I'm now on CD18 of a 28 day cycle. I really didn't start testing with my OPKs until CD 13 and haven't gotten a positive OPK since. I didn't think much of it because I thought I just used them too late in my cycle. Well, today, I starting having that pinching ovulating feeling in my ovaries (specifically the right side), but my OPKs are still negative. I've been testing at least twice a day for ovulation. I'm a little confused... does this pain always mean ovulation is impending?


----------



## TeddyBearPug

I was having ovulation pain with no ovulation. but looking back i can see the difference in my ovulation pain with an egg and without one. my doc thinks my egg didn't fully mature when released. keep trying with your opk's just to be sure!


----------



## ebony2010

You may have missed the surge on your opk's. Some people have smaller surges so you may have ovulated but tested a few hours too late. The best way to confirm it is to temp and record it on fertility friend. I know you only find out after the event but it gives you some good info and you might see a pattern. x


----------



## kosh

TeddyBearPug said:


> I was having ovulation pain with no ovulation. but looking back i can see the difference in my ovulation pain with an egg and without one. my doc thinks my egg didn't fully mature when released. keep trying with your opk's just to be sure!
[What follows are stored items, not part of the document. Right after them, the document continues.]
(* Let $n\ge2$, $\varepsilon>0$, and let $v\in C^2(\mathscr{S}_\varepsilon)\cap C^1(\overline{\mathscr{S}_\varepsilon})$ be the solution of the boundary value problem $$\mathscr{L}v=R \ \text{ in } \mathscr{S}_\varepsilon,\qquad v=0 \ \text{ on } \partial\mathscr{S}_\varepsilon,\qquad\text{where } R(x)=\frac{2n}{|x|^2+n}-\frac{2|x|^2}{(|x|^2+n)^2}.$$ Then $$\int |\nabla v|^2 \, \mathrm{d}\gamma_{\mathscr{S}_{\varepsilon}} \le 36\, e^{\varepsilon^2/2}\, \varepsilon^2.$$
   Context: $\gamma_n$ is the standard Gaussian measure on $\mathbb R^n$ with density $(2\pi)^{-n/2}e^{-|x|^2/2}$, and $\gamma_S(A)=\gamma_n(A\cap S)/\gamma_n(S)$. $\mathscr{L}v=\Delta v-\sum_i x_i\partial_iv$. Writing $x=(x_1,x')$ with $x'\in\mathbb R^{n-1}$, $\mathscr{S}_{\varepsilon}=\{x\in\mathbb R^n:\ |x_1|<\varepsilon,\ |x'|^2<2n\}$. *)

theory Defs
  imports "HOL-Analysis.Analysis"
begin

definition gauss_density :: "real ^ 'n \<Rightarrow> real" where
  "gauss_density x = (2 * pi) powr (- real CARD('n) / 2) * exp (- (norm x)\<^sup>2 / 2)"

definition gaussian_measure :: "(real ^ 'n) measure" where
  "gaussian_measure = density lborel (\<lambda>x. ennreal (gauss_density x))"

text \<open>Integral with respect to the conditioned measure gamma_S = gamma_n(. \<inter> S)/gamma_n(S).\<close>
definition gauss_cond_integral :: "(real ^ 'n) set \<Rightarrow> (real ^ 'n \<Rightarrow> real) \<Rightarrow> real" where
  "gauss_cond_integral S f =
     (set_lebesgue_integral gaussian_measure S f) / measure gaussian_measure S"

text \<open>The slab S_eps; coordinate k plays the role of x_1, the others form x'.\<close>
definition slab :: "'n \<Rightarrow> real \<Rightarrow> (real ^ 'n) set" where
  "slab k \<epsilon> = {x. \<bar>x $ k\<bar> < \<epsilon> \<and> (\<Sum>i\<in>UNIV - {k}. (x $ i)\<^sup>2) < 2 * real CARD('n)}"

definition R_fun :: "real ^ 'n \<Rightarrow> real" where
  "R_fun x = 2 * real CARD('n) / ((norm x)\<^sup>2 + real CARD('n))
             - 2 * (norm x)\<^sup>2 / ((norm x)\<^sup>2 + real CARD('n))\<^sup>2"

end

theory Submission
  imports Defs
begin

text \<open>Integrating the equation against \<open>\<psi>(v) \<gamma>\<close>, where \<open>\<psi>\<close> is a \<open>C\<^sup>1\<close> truncation of the
  identity vanishing near \<open>0\<close>, gives \<open>\<integral> \<psi>'(v) |\<nabla>v|\<^sup>2 d\<gamma> = - \<integral> \<psi>(v) R d\<gamma>\<close>. By the maximum
  principle \<open>v < 0\<close>, and as \<open>0 < R \<le> 2\<close> the right-hand side is controlled by \<open>\<integral> \<psi>(v)\<^sup>2\<close>.
  That in turn is bounded by integrating \<open>\<partial>\<^sub>1 (x\<^sub>1 \<psi>(v)\<^sup>2 \<gamma> e\<^bsup>x\<^sub>1\<^sup>2/2\<^esup>)\<close> over the slab: a
  Poincare inequality across the thin direction, which costs the factor \<open>\<epsilon>\<^sup>2 e\<^bsup>\<epsilon>\<^sup>2/2\<^esup>\<close>.
  Young's inequality closes the estimate, and letting \<open>\<psi> \<rightarrow> id\<close> gives the bound with
  constant \<open>16\<close>.\<close>

lemma integrable_bounded_support:
  fixes f :: "'a::euclidean_space \<Rightarrow> real"
  assumes "f \<in> borel_measurable borel" and "\<And>x. \<bar>f x\<bar> \<le> C"
    and "\<And>x. norm x > r \<Longrightarrow> f x = 0"
  shows "integrable lborel f"
proof (rule Bochner_Integration.integrable_bound)
  show "integrable lborel (\<lambda>x. C * indicator (cball (0::'a) r) x)"
    using emeasure_lborel_cball_finite[of "0::'a" r]
    by (intro integrable_mult_right integrable_real_indicator) auto
  show "AE x in lborel. norm (f x) \<le> norm (C * indicator (cball 0 r) x)"
  proof (intro AE_I2)
    fix x :: 'a
    show "norm (f x) \<le> norm (C * indicator (cball 0 r) x)"
      using assms(2)[of x] assms(3)[of x] by (cases "norm x \<le> r") (auto simp: indicator_def)
  qed
qed (use assms(1) in simp)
hi, that's interesting - could you tell me what was the difference in Ov pain with and without egg? how do you know you did not ovulate? do you temp? did you have a LH surge anyway?
since my MC in december i started to have Ov pains (never had them before) but I am now wondering whether i was Ov 'properly' if that makes any sense.

thanks


----------



## TeddyBearPug

kosh said:


> TeddyBearPug said:
> 
> 
> I was having ovulation pain with no ovulation. but looking back i can see the difference in my ovulation pain with an egg and without one. my doc thinks my egg didn't fully mature when released. keep trying with your opk's just to be sure!
> 
> 
> hi, that's interesting - could you tell me what was the difference in Ov pain with and without egg? how do you know you did not ovulate? do you temp? did you have a LH surge anyway?
> since my MC in december i started to have Ov pains (never had them before) but I am now wondering whether i was Ov 'properly' if that makes any sense.
> 
> thanksClick to expand...

Last March I was having horrible sharp pains in my lower pelvic region on the right side..i work in the medical field and i thought I had a tumor or something! it was so painful that if i bent over it was like something stabbing me on the inside..made me cry a few times! I went to see my gyno at the time and he called it mittelschmerz and said I was definitely ovulating. He said me CM was great and if i wanted to have a baby to do is ASAP and if not don't do it. At the time we werent trying. After that every month I had that same pain where it was so painful to move! I got pregnant in July last year and had a M/c. Looking back now, After the m/c, what I thought was my ovulation pain was different than before. I was uncomfortable at ovulation with low back pain and more of a burning sensation on my back for a few days. Looking back now I realize that it was not the pain in my ovaries like before and I didn't have the EWCM. My doctor says he is not sure if i'm ovulating now, and if I am, its not a mature egg or my body isn't producing the hormones needed to sustain a pregnancy. I had my bloodwork done in Oct last year to test for ovulation and I there was no trace of it. But I think i ovulated the next day (if i did!) I'm hoping to feel that sharp pain in my ovaries this month! But when I had them naturally, i didn't want my husband to touch me because it hurt so bad!!


----------



## TeddyBearPug

Sorry, I forgot the other part of your question! I dont temp but in Feb and March i used opk's and got a positive! I had the burning in my back for 3-4 days during that time. Thats how i could usually tell to bring out the opk. I'm going to keep using the opk, I dont want to temp. I probably should...maybe if I don't get pregnant in the next few months I will. Good luck to you!


----------



## kosh

TeddyBearPug said:


> Last March I was having horrible sharp pains in my lower pelvic region on the right side..i work in the medical field and i thought I had a tumor or something! it was so painful that if i bent over it was like something stabbing me on the inside..made me cry a few times! I went to see my gyno at the time and he called it mittelschmerz and said I was definitely ovulating. He said me CM was great and if i wanted to have a baby to do is ASAP and if not don't do it. At the time we werent trying. After that every month I had that same pain where it was so painful to move! I got pregnant in July last year and had a M/c. Looking back now, After the m/c, what I thought was my ovulation pain was different than before. I was uncomfortable at ovulation with low back pain and more of a burning sensation on my back for a few days. Looking back now I realize that it was not the pain in my ovaries like before and I didn't have the EWCM. My doctor says he is not sure if i'm ovulating now, and if I am, its not a mature egg or my body isn't producing the hormones needed to sustain a pregnancy. I had my bloodwork done in Oct last year to test for ovulation and I there was no trace of it. But I think i ovulated the next day (if i did!) I'm hoping to feel that sharp pain in my ovaries this month! But when I had them naturally, i didn't want my husband to touch me because it hurt so bad!!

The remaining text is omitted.